Telophase is followed by cytokinesis, which denotes the division of the cytoplasm to form two daughter cells. Thus, it marks the completion of cell division.

Cytokinesis

Cytokinesis is the physical process of cell division, which divides the cytoplasm of a parental cell into two daughter cells. It occurs concurrently with two types of nuclear division called mitosis and meiosis, which occur in animal cells. Mitosis and each of the two meiotic divisions result in two separate nuclei contained within a single cell. 

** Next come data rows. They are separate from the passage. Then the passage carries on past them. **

(* Let $p$ be a prime, $h\in\mathbb{Z}$, $q\in\mathbb{C}_p$ with $|1-q|_p<p^{-\frac{1}{p-1}}$, let $d$ be a positive integer and $\chi$ a Dirichlet character with conductor $d$. Then for every integer $k\geq 0$, $$B_{k,q,\chi}^{(h)} = d^{k-1}\sum_{i=0}^{d-1}\chi(i)\, q^{hi}\, B_{k,q^d}^{(h)}\!\left(\frac{i}{d}\right).$$
   Context: $\mathbb{C}_p$ is the completion of an algebraic closure of $\mathbb{Q}_p$ with $|p|_p=p^{-1}$; for $x\in\mathbb{Z}_p$, $q^x:=\exp(x\log q)$. The generalized $(h,q)$-Bernoulli numbers attached to $\chi$ are $$B_{n,q,\chi}^{(h)} := \lim_{l\to\infty}\frac{1}{dp^l}\sum_{x=0}^{dp^l-1}\chi(x)\,q^{hx}\,x^n \qquad (n\ge 0),$$ (the Volkenborn integral $\int_X \chi(x)q^{hx}x^n\,d\mu_1(x)$ over $X=\varprojlim_N \mathbb{Z}/dp^N\mathbb{Z}$). The $(h,q)$-Bernoulli polynomials $B_{n,q}^{(h)}(x)$ are defined by the power series expansion in $t$ $$\frac{h\log q + t}{q^h e^t - 1}\, e^{xt} = \sum_{n=0}^\infty B_{n,q}^{(h)}(x)\frac{t^n}{n!},$$ and $B_{n,q^d}^{(h)}(x)$ is the same with $q$ replaced by $q^d$. *)

theory Defs
  imports "HOL-Computational_Algebra.Computational_Algebra" "HOL-Number_Theory.Number_Theory"
begin

definition conv_abs :: "('a::field \<Rightarrow> real) \<Rightarrow> (nat \<Rightarrow> 'a) \<Rightarrow> 'a \<Rightarrow> bool" where
  "conv_abs absp f L \<longleftrightarrow> (\<forall>\<epsilon>>0. \<exists>N. \<forall>n\<ge>N. absp (f n - L) < \<epsilon>)"

(* The field 'a with absolute value absp is (isometrically) C_p:
   a non-archimedean absolute value with |p| = 1/p, complete, algebraically closed,
   and the algebraic numbers are dense (so 'a is the completion of an algebraic
   closure of Q_p). *)
definition is_Cp :: "nat \<Rightarrow> ('a::field_char_0 \<Rightarrow> real) \<Rightarrow> bool" where
  "is_Cp p absp \<longleftrightarrow>
     (\<forall>x. absp x \<ge> 0) \<and> (\<forall>x. absp x = 0 \<longleftrightarrow> x = 0) \<and>
     (\<forall>x y. absp (x * y) = absp x * absp y) \<and>
     (\<forall>x y. absp (x + y) \<le> max (absp x) (absp y)) \<and>
     absp (of_nat p) = 1 / real p \<and>
     (\<forall>f. (\<forall>\<epsilon>>0. \<exists>N. \<forall>m\<ge>N. \<forall>n\<ge>N. absp (f m - f n) < \<epsilon>) \<longrightarrow> (\<exists>L. conv_abs absp f L)) \<and>
     (\<forall>P::'a poly. degree P > 0 \<longrightarrow> (\<exists>x. poly P x = 0)) \<and>
     (\<forall>x. \<forall>\<epsilon>>0. \<exists>y. algebraic y \<and> absp (x - y) < \<epsilon>)"

definition logp :: "('a::field_char_0 \<Rightarrow> real) \<Rightarrow> 'a \<Rightarrow> 'a" where
  "logp absp q = (THE L. conv_abs absp
      (\<lambda>N. \<Sum>n<N. (-1) ^ n * (q - 1) ^ (n + 1) / of_nat (n + 1)) L)"

definition hq_bernpoly :: "('a::field_char_0 \<Rightarrow> real) \<Rightarrow> int \<Rightarrow> 'a \<Rightarrow> nat \<Rightarrow> 'a \<Rightarrow> 'a" where
  "hq_bernpoly absp h q n x =
     fact n * fps_nth
       ((fps_const (of_int h * logp absp q) + fps_X) /
          (fps_const (q powi h) * fps_exp 1 - 1) * fps_exp x) n"

definition dirichlet_char :: "nat \<Rightarrow> (nat \<Rightarrow> 'a::field) \<Rightarrow> bool" where
  "dirichlet_char d \<chi> \<longleftrightarrow> d > 0 \<and> \<chi> 1 = 1 \<and>
     (\<forall>a b. \<chi> (a * b) = \<chi> a * \<chi> b) \<and> (\<forall>a. \<chi> (a + d) = \<chi> a) \<and>
     (\<forall>a. \<chi> a \<noteq> 0 \<longleftrightarrow> coprime a d)"

definition has_conductor :: "(nat \<Rightarrow> 'a::field) \<Rightarrow> nat \<Rightarrow> bool" where
  "has_conductor \<chi> d \<longleftrightarrow> dirichlet_char d \<chi> \<and>
     (\<forall>f. f dvd d \<and> (\<forall>a b. coprime a d \<and> coprime b d \<and> [a = b] (mod f) \<longrightarrow> \<chi> a = \<chi> b)
        \<longrightarrow> f = d)"

(* the Riemann-type sums whose limit (l \<rightarrow> \<infinity>) defines B^{(h)}_{n,q,\<chi>} *)
definition volk_sum :: "nat \<Rightarrow> nat \<Rightarrow> (nat \<Rightarrow> 'a::field_char_0) \<Rightarrow> int \<Rightarrow> 'a \<Rightarrow> nat \<Rightarrow> nat \<Rightarrow> 'a" where
  "volk_sum p d \<chi> h q n l =
     (1 / of_nat (d * p ^ l)) * (\<Sum>x<d * p ^ l. \<chi> x * q powi (h * int x) * of_nat x ^ n)"

end

theory Submission
  imports Defs
begin

text \<open>
  Split x < d p^l into residue classes x = i + d y with i < d and y < M = p^l. As \<chi> has
  period d, the Riemann sum becomes d^(k-1) \<Sum>_i \<chi>(i) q^(hi) times k! times the t^k-coefficient
  of F_M(t) e^(it/d), where F_M(t) = (1/M) \<Sum>_{y<M} Q^y e^(yt) and Q = q^(dh). Summing the
  geometric series gives (Q e^t - 1) F_M(t) = (Q^M e^(Mt) - 1)/M. As l \<rightarrow> \<infinity>, M \<rightarrow> 0 p-adically
  and (Q^M - 1)/M \<rightarrow> h log q^d, so the right-hand side tends coefficientwise to h log q^d + t
  and F_M to the generating function of the (h,q^d)-Bernoulli polynomials.
  The limit (r^M - 1)/M \<rightarrow> log r comes from the binomial theorem: the n-th term of
  ((1 + u)^M - 1)/M is the n-th term of the logarithm series times \<Prod>_{i\<le>n} (1 - M/i),
  and |M/i| \<le> n p^-l.
\<close>

lemma tendsto_square_times_power_zero:
  fixes \<rho> :: real
  assumes "0 \<le> \<rho>" "\<rho> < 1"
  shows "(\<lambda>k. real k ^ 2 * \<rho> ^ k) \<longlonglongrightarrow> 0"
proof -
  have s: "norm (sqrt \<rho>) < 1" using assms by simp
  have "(\<lambda>k. (real k * sqrt \<rho> ^ k) * (real k * sqrt \<rho> ^ k)) \<longlonglongrightarrow> 0"
    using tendsto_mult_zero[OF powser_times_n_limit_0[OF s] powser_times_n_limit_0[OF s]] by simp
  moreover have "(real k * sqrt \<rho> ^ k) * (real k * sqrt \<rho> ^ k) = real k ^ 2 * \<rho> ^ k" for k
    using assms by (simp add: power2_eq_square power_mult_distrib[symmetric] algebra_simps)
  ultimately show ?thesis by simp
qed

lemma binomial_Suc_div_eq_prod:
  assumes "M > 0"
  shows "(of_nat (M choose Suc n) :: 'a::field_char_0) / of_nat M =
    (-1) ^ n / of_nat (Suc n) * (\<Prod>i\<in>{1..n}. 1 - of_nat M / of_nat i)"
proof (induction n)
  case 0
  then show ?case using assms by simp
next
  case (Suc n)
  have "(of_nat M gchoose Suc (Suc n) :: 'a) =
      (of_nat M gchoose Suc n) * ((of_nat M - of_nat (Suc n)) / of_nat (Suc (Suc n)))"
    by (simp add: gbinomial_Suc prod.cl_ivl_Suc field_simps del: of_nat_Suc)
  then have "(of_nat (M choose Suc (Suc n)) :: 'a) / of_nat M =
      of_nat (M choose Suc n) / of_nat M * ((of_nat M - of_nat (Suc n)) / of_nat (Suc (Suc n)))"
    by (simp add: binomial_gbinomial del: of_nat_Suc)
  also have "\<dots> = (-1) ^ Suc n / of_nat (Suc (Suc n)) * (\<Prod>i\<in>{1..Suc n}. 1 - of_nat M / of_nat i)"
    unfolding Suc.IH by (simp add: prod.cl_ivl_Suc field_simps del: of_nat_Suc)
  finally show ?case .
qed

lemma power_minus_one_div_eq_sum:
  fixes u :: "'a::field_char_0"
  assumes "M > 0"
  shows "((1 + u) ^ M - 1) / of_nat M =
    (\<Sum>n<M. (-1) ^ n * u ^ Suc n / of_nat (Suc n) * (\<Prod>i\<in>{1..n}. 1 - of_nat M / of_nat i))"
proof -
  have "(1 + u) ^ M = (\<Sum>k<Suc M. of_nat (M choose k) * u ^ k)"
    using binomial_ring[of u 1 M] by (simp add: add.commute lessThan_Suc_atMost)
  also have "\<dots> = 1 + (\<Sum>n<M. of_nat (M choose Suc n) * u ^ Suc n)"
    by (simp only: sum.lessThan_Suc_shift) simp
  finally have "((1 + u) ^ M - 1) / of_nat M = (\<Sum>n<M. of_nat (M choose Suc n) / of_nat M * u ^ Suc n)"
    by (simp add: sum_divide_distrib)
  then show ?thesis
    by (simp add: binomial_Suc_div_eq_prod[OF assms] mult_ac)
qed

lemma sum_lessThan_mult_residues:
  fixes f :: "nat \<Rightarrow> 'b::comm_monoid_add"
  shows "(\<Sum>x<d * M. f x) = (\<Sum>i<d. \<Sum>y<M. f (i + d * y))"
proof -
  have "(\<Sum>x<d * M. f x) = (\<Sum>y<M. \<Sum>x\<in>{y * d..<y * d + d}. f x)"
    using sum.nat_group[of f d M] by (simp add: mult.commute)
  also have "\<dots> = (\<Sum>y<M. \<Sum>i<d. f (i + d * y))"
    using sum.shift_bounds_nat_ivl[of f 0 "y * d" d for y]
    by (simp add: atLeast0LessThan add.commute mult.commute)
  finally show ?thesis by (rule trans[OF _ sum.swap])
qed

lemma fps_exp_geometric_sum:
  fixes Q :: "'a::field_char_0"
  shows "(fps_const Q * fps_exp 1 - 1) * (\<Sum>y<M. fps_const (Q ^ y) * fps_exp (of_nat y)) =
    fps_const (Q ^ M) * fps_exp (of_nat M) - 1"
proof -
  define g where "g y = fps_const (Q ^ y) * fps_exp (of_nat y :: 'a)" for y
  have "(fps_const Q * fps_exp 1 - 1) * g y = g (Suc y) - g y" for y
    by (simp add: g_def fps_exp_add_mult algebra_simps flip: fps_const_mult)
  then have "(fps_const Q * fps_exp 1 - 1) * (\<Sum>y<M. g y) = g M - g 0"
    by (simp add: sum_distrib_left sum_lessThan_telescope)
  then show ?thesis by (simp add: g_def)
qed

definition riemann_fps :: "'a::field_char_0 \<Rightarrow> nat \<Rightarrow> 'a fps" where
  "riemann_fps Q M = fps_const (1 / of_nat M) * (\<Sum>y<M. fps_const (Q ^ y) * fps_exp (of_nat y))"

lemma riemann_fps_times_exp_nth:
  "fact k * (riemann_fps Q M * fps_exp a) $ k = (\<Sum>y<M. Q ^ y * (of_nat y + a) ^ k) / of_nat M"
proof -
  have "riemann_fps Q M * fps_exp a =
      fps_const (1 / of_nat M) * (\<Sum>y<M. fps_const (Q ^ y) * fps_exp (of_nat y + a))"
    by (simp add: riemann_fps_def sum_distrib_right fps_exp_add_mult mult.assoc)
  then show ?thesis by (simp add: fps_sum_nth sum_distrib_left sum_divide_distrib)
qed

lemma riemann_fps_eq_divide:
  assumes "Q \<noteq> 0"
  shows "riemann_fps Q M =
    fps_const (1 / of_nat M) * (fps_const (Q ^ M) * fps_exp (of_nat M) - 1) / (fps_const Q * fps_exp 1 - 1)"
proof -
  define D where "D = fps_const Q * fps_exp 1 - (1 :: 'a fps)"
  have "D $ 1 = Q" by (simp add: D_def)
  then have "D \<noteq> 0" using assms by auto
  moreover have "D * riemann_fps Q M = fps_const (1 / of_nat M) * (fps_const (Q ^ M) * fps_exp (of_nat M) - 1)"
    unfolding riemann_fps_def D_def by (simp only: mult.left_commute fps_exp_geometric_sum)
  ultimately show ?thesis by (metis D_def nonzero_mult_div_cancel_left)
qed

lemma volk_sum_eq_riemann_fps:
  fixes \<chi> :: "nat \<Rightarrow> 'a::field_char_0"
  assumes "d > 0" and periodic: "\<And>a. \<chi> (a + d) = \<chi> a" and "q \<noteq> 0"
  shows "volk_sum p d \<chi> h q k l = of_nat d powi (int k - 1) *
    (\<Sum>i<d. \<chi> i * q powi (h * int i) *
       (fact k * (riemann_fps ((q ^ d) powi h) (p ^ l) * fps_exp (of_nat i / of_nat d)) $ k))"
proof -
  define Q where "Q = (q ^ d) powi h"
  define a where "a i = (of_nat i / of_nat d :: 'a)" for i
  have \<chi>: "\<chi> (i + d * y) = \<chi> i" for i y
  proof (induction y)
    case (Suc y)
    then show ?case using periodic[of "i + d * y"] by (simp add: algebra_simps)
  qed simp
  have q_powi: "q powi (h * int (i + d * y)) = q powi (h * int i) * Q ^ y" for i y
    using \<open>q \<noteq> 0\<close>
    by (simp add: Q_def power_int_add power_int_power power_int_power' algebra_simps)
  have x_power: "(of_nat (i + d * y) :: 'a) ^ k = of_nat d ^ k * (of_nat y + a i) ^ k" for i y
    using \<open>d > 0\<close> by (simp add: a_def field_simps flip: power_mult_distrib)
  have "(\<Sum>x<d * p ^ l. \<chi> x * q powi (h * int x) * of_nat x ^ k) =
      (\<Sum>i<d. \<chi> i * q powi (h * int i) * of_nat d ^ k * (\<Sum>y<p ^ l. Q ^ y * (of_nat y + a i) ^ k))"
    unfolding sum_lessThan_mult_residues[where d = d] \<chi> q_powi x_power
    by (simp add: sum_distrib_left mult_ac)
  moreover have "(of_nat d :: 'a) powi (int k - 1) = of_nat d ^ k / of_nat d"
    using \<open>d > 0\<close> by (simp add: power_int_diff)
  ultimately show ?thesis
    unfolding volk_sum_def riemann_fps_times_exp_nth Q_def[symmetric] a_def[symmetric]
    by (simp add: sum_distrib_left sum_divide_distrib field_simps)
qed

locale nonarch_abs =
  fixes absp :: "'a::field_char_0 \<Rightarrow> real"
  assumes nonneg: "absp x \<ge> 0"
    and zero_iff: "absp x = 0 \<longleftrightarrow> x = 0"
    and mult: "absp (x * y) = absp x * absp y"
    and ultra: "absp (x + y) \<le> max (absp x) (absp y)"
begin

lemma abs_0 [simp]: "absp 0 = 0"
  using zero_iff by simp

lemma abs_1 [simp]: "absp 1 = 1"
proof -
  have "absp 1 * absp 1 = absp 1" using mult[of 1 1] by simp
  moreover have "absp 1 \<noteq> 0" using zero_iff by simp
  ultimately show ?thesis by simp
qed

lemma abs_minus [simp]: "absp (- x) = absp x"
proof -
  have "absp (-1) * absp (-1) = 1" using mult[of "-1" "-1"] by simp
  then have "absp (-1) = 1" using nonneg[of "-1"] by (auto simp: square_eq_1_iff)
  then show ?thesis using mult[of "-1" x] by simp
qed

lemma abs_minus_commute: "absp (x - y) = absp (y - x)"
  by (metis abs_minus minus_diff_eq)

lemma abs_triangle: "absp (x + y) \<le> absp x + absp y"
  using ultra[of x y] nonneg[of x] nonneg[of y] by linarith

lemma abs_power: "absp (x ^ n) = absp x ^ n"
  by (induction n) (simp_all add: mult)

lemma abs_divide: "absp (x / y) = absp x / absp y"
proof (cases "y = 0")
  case False
  then have "absp (x / y) * absp y = absp x" by (simp flip: mult)
  moreover have "absp y \<noteq> 0" using False zero_iff by simp
  ultimately show ?thesis by (simp add: eq_divide_eq)
qed simp

lemma abs_of_nat_le_1: "absp (of_nat n) \<le> 1"
proof (induction n)
  case (Suc n)
  have "absp (1 + of_nat n) \<le> max (absp 1) (absp (of_nat n))" by (rule ultra)
  with Suc show ?case by simp
qed simp

lemma abs_of_int_le_1: "absp (of_int n) \<le> 1"
  by (cases n rule: int_cases) (simp_all add: abs_of_nat_le_1 del: of_nat_Suc)

lemma abs_sum_le:
  assumes "\<And>i. i \<in> A \<Longrightarrow> absp (f i) \<le> B" "B \<ge> 0"
  shows "absp (\<Sum>i\<in>A. f i) \<le> B"
proof (cases "finite A")
  case True
  then show ?thesis using assms
  proof (induction A rule: finite_induct)
    case (insert x F)
    have "absp (f x + sum f F) \<le> B"
      by (intro order_trans[OF ultra] max.boundedI) (simp_all add: insert)
    with insert.hyps show ?case by simp
  qed simp
qed (use assms in simp)
text \<open>Both sides are expanded into iterated covariant derivatives
  (lhs, rhs1, rhs2); the terms are matched up using the curvature identities of the two
  2-representations (curv_AC, curv_BC), the compatibility (M6) of the two C-connections (M6_c2),
  and (M2) applied to the auxiliary section c' = nabla_{dB c3} c1, whose images under dA and dB
  are known from the 2-representation of B and from (M4) (M2_c').\<close>

lemma matched_bracket_jacobi:
  fixes RA :: "'a::ab_group_add \<Rightarrow> 'a \<Rightarrow> 'b::ab_group_add \<Rightarrow> 'c::ab_group_add"
    and RB :: "'b \<Rightarrow> 'b \<Rightarrow> 'a \<Rightarrow> 'c"
    and nAC :: "'a \<Rightarrow> 'c \<Rightarrow> 'c" and nBC :: "'b \<Rightarrow> 'c \<Rightarrow> 'c"
    and dA :: "'c \<Rightarrow> 'a" and dB :: "'c \<Rightarrow> 'b"
  defines "brkC \<equiv> matched_bracket nAC nBC dA dB"
  assumes nAC_add: "\<And>a c1 c2. nAC a (c1 + c2) = nAC a c1 + nAC a c2"
    and nBC_add1: "\<And>b1 b2 c. nBC (b1 + b2) c = nBC b1 c + nBC b2 c"
    and nBC_add2: "\<And>b c1 c2. nBC b (c1 + c2) = nBC b c1 + nBC b c2"
    and skewB: "\<And>b1 b2. brkB b1 b2 = - brkB b2 b1"
    and curvAC: "\<And>a1 a2 c. curvature brkA nAC a1 a2 c = RA a1 a2 (dB c)"
    and curvBC: "\<And>b1 b2 c. curvature brkB nBC b1 b2 c = RB b1 b2 (dA c)"
    and dA_nBC: "\<And>b c. dA (nBC b c) = nBA b (dA c)"
    and M2: "\<And>c1 c2. nAC (dA c1) c2 - nBC (dB c2) c1 = - nAC (dA c2) c1 + nBC (dB c1) c2"
    and M4: "\<And>b c. brkB b (dB c) = dB (nBC b c) - nAB (dA c) b"
    and M6: "\<And>a b c. nBC b (nAC a c) - nAC a (nBC b c) - nAC (nBA b a) c + nBC (nAB a b) c
                       = RB b (dB c) a - RA a (dA c) b"
    and dA_brk: "\<And>c1 c2. dA (brkC c1 c2) = brkA (dA c1) (dA c2)"
    and dB_brk: "\<And>c1 c2. dB (brkC c1 c2) = brkB (dB c1) (dB c2)"
  shows "brkC c1 (brkC c2 c3) = brkC (brkC c1 c2) c3 + brkC c2 (brkC c1 c3)"
proof -
  have nAC_diff: "nAC a (x - y) = nAC a x - nAC a y" for a x y
    by (rule additive.diff) (simp add: additive_def nAC_add)
  have nBC_diff: "nBC b (x - y) = nBC b x - nBC b y" for b x y
    by (rule additive.diff) (simp add: additive_def nBC_add2)
  have nBC_minus: "nBC (- b) c = - nBC b c" for b c
    using additive.minus[of "\<lambda>b. nBC b c"] by (simp add: additive_def nBC_add1)
  define c' where "c' = nBC (dB c3) c1"
  have lhs: "brkC c1 (brkC c2 c3) = nAC (dA c1) (nAC (dA c2) c3) - nAC (dA c1) (nBC (dB c3) c2)
            - nBC (brkB (dB c2) (dB c3)) c1"
    using dB_brk[of c2 c3] unfolding brkC_def matched_bracket_def nAC_diff by simp
  have rhs1: "brkC (brkC c1 c2) c3 = nAC (brkA (dA c1) (dA c2)) c3 - nBC (dB c3) (nAC (dA c1) c2)
            + nBC (dB c3) (nBC (dB c2) c1)"
    using dA_brk[of c1 c2] unfolding brkC_def matched_bracket_def by (simp add: nBC_diff)
  have rhs2: "brkC c2 (brkC c1 c3) = nAC (dA c2) (nAC (dA c1) c3) - nAC (dA c2) c'
            - nBC (brkB (dB c1) (dB c3)) c2"
    using dB_brk[of c1 c3] unfolding brkC_def matched_bracket_def nAC_diff c'_def by simp
  have curv_AC: "nAC (dA c1) (nAC (dA c2) c3) = RA (dA c1) (dA c2) (dB c3)
            + nAC (dA c2) (nAC (dA c1) c3) + nAC (brkA (dA c1) (dA c2)) c3"
    using curvAC[of "dA c1" "dA c2" c3] unfolding curvature_def by (simp add: algebra_simps)
  have M6_c2: "nBC (dB c3) (nAC (dA c1) c2) = RB (dB c3) (dB c2) (dA c1) - RA (dA c1) (dA c2) (dB c3)
            + nAC (dA c1) (nBC (dB c3) c2) + nAC (nBA (dB c3) (dA c1)) c2
            - nBC (nAB (dA c1) (dB c3)) c2"
    using M6[of "dB c3" "dA c1" c2] by (simp add: algebra_simps)
  have curv_BC: "nBC (dB c3) (nBC (dB c2) c1) = RB (dB c3) (dB c2) (dA c1) + nBC (dB c2) c'
            - nBC (brkB (dB c2) (dB c3)) c1"
    using curvBC[of "dB c3" "dB c2" c1] skewB[of "dB c3" "dB c2"] nBC_minus
    unfolding curvature_def c'_def by (simp add: algebra_simps)
  have dB_c': "dB c' = brkB (dB c3) (dB c1) + nAB (dA c1) (dB c3)"
    using M4[of "dB c3" c1] unfolding c'_def by (simp add: algebra_simps)
  have dA_c': "dA c' = nBA (dB c3) (dA c1)"
    unfolding c'_def by (rule dA_nBC)
  have M2_c': "nAC (dA c2) c' = - nBC (brkB (dB c1) (dB c3)) c2 + nBC (nAB (dA c1) (dB c3)) c2
            - nAC (nBA (dB c3) (dA c1)) c2 + nBC (dB c2) c'"
    using M2[of c2 c'] skewB[of "dB c3" "dB c1"] nBC_minus
    unfolding dB_c' dA_c' nBC_add1 by (simp add: algebra_simps)
  show ?thesis
    unfolding lhs rhs1 rhs2 curv_AC M6_c2 curv_BC M2_c' by (simp add: algebra_simps)
qed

Cytokinesis performs an essential process to separate the cell in half and ensure that one nucleus ends up in each daughter cell. Cytokinesis starts during the nuclear division phase called anaphase and continues through telophase. A ring of protein filaments called the contractile ring forms around the equator of the cell just beneath the plasma membrane. The contractile ring shrinks at the equator of the cell, pinching the plasma membrane inward, and forming what is called a cleavage furrow. Eventually, the contractile ring shrinks to the point that there are two separate cells each bound by its own plasma membrane.

Functions of Mitosis

Following are the two important functions of mitosis:

• Mitosis helps in the development of an organism. In single-celled organisms, mitosis is the process of asexual reproduction.
• Mitosis helps in the replacement of damaged tissues. The cells near the damaged cells begin mitosis when they do not sense the neighbouring cells. The dividing cells reach each other and cover the damaged cells.

Significance of Mitosis

• Mitosis is responsible for the development of the zygote into an adult.
• Equal distribution of chromosomes to each daughter cell.
• It is responsible for the growth and development of an individual.
• It maintains the constant number of chromosomes in all body cells of an organism.
• Mitosis is required for asexual reproduction, vegetative propagation in plants and also responsible for repair and regeneration of damaged tissues.
• Mitosis helps in maintaining purity of the genome as no recombination or crossing over takes place.
• It is responsible for repair and regeneration of old and damaged cells in animals e.g. gut epithelium, blood cells, etc.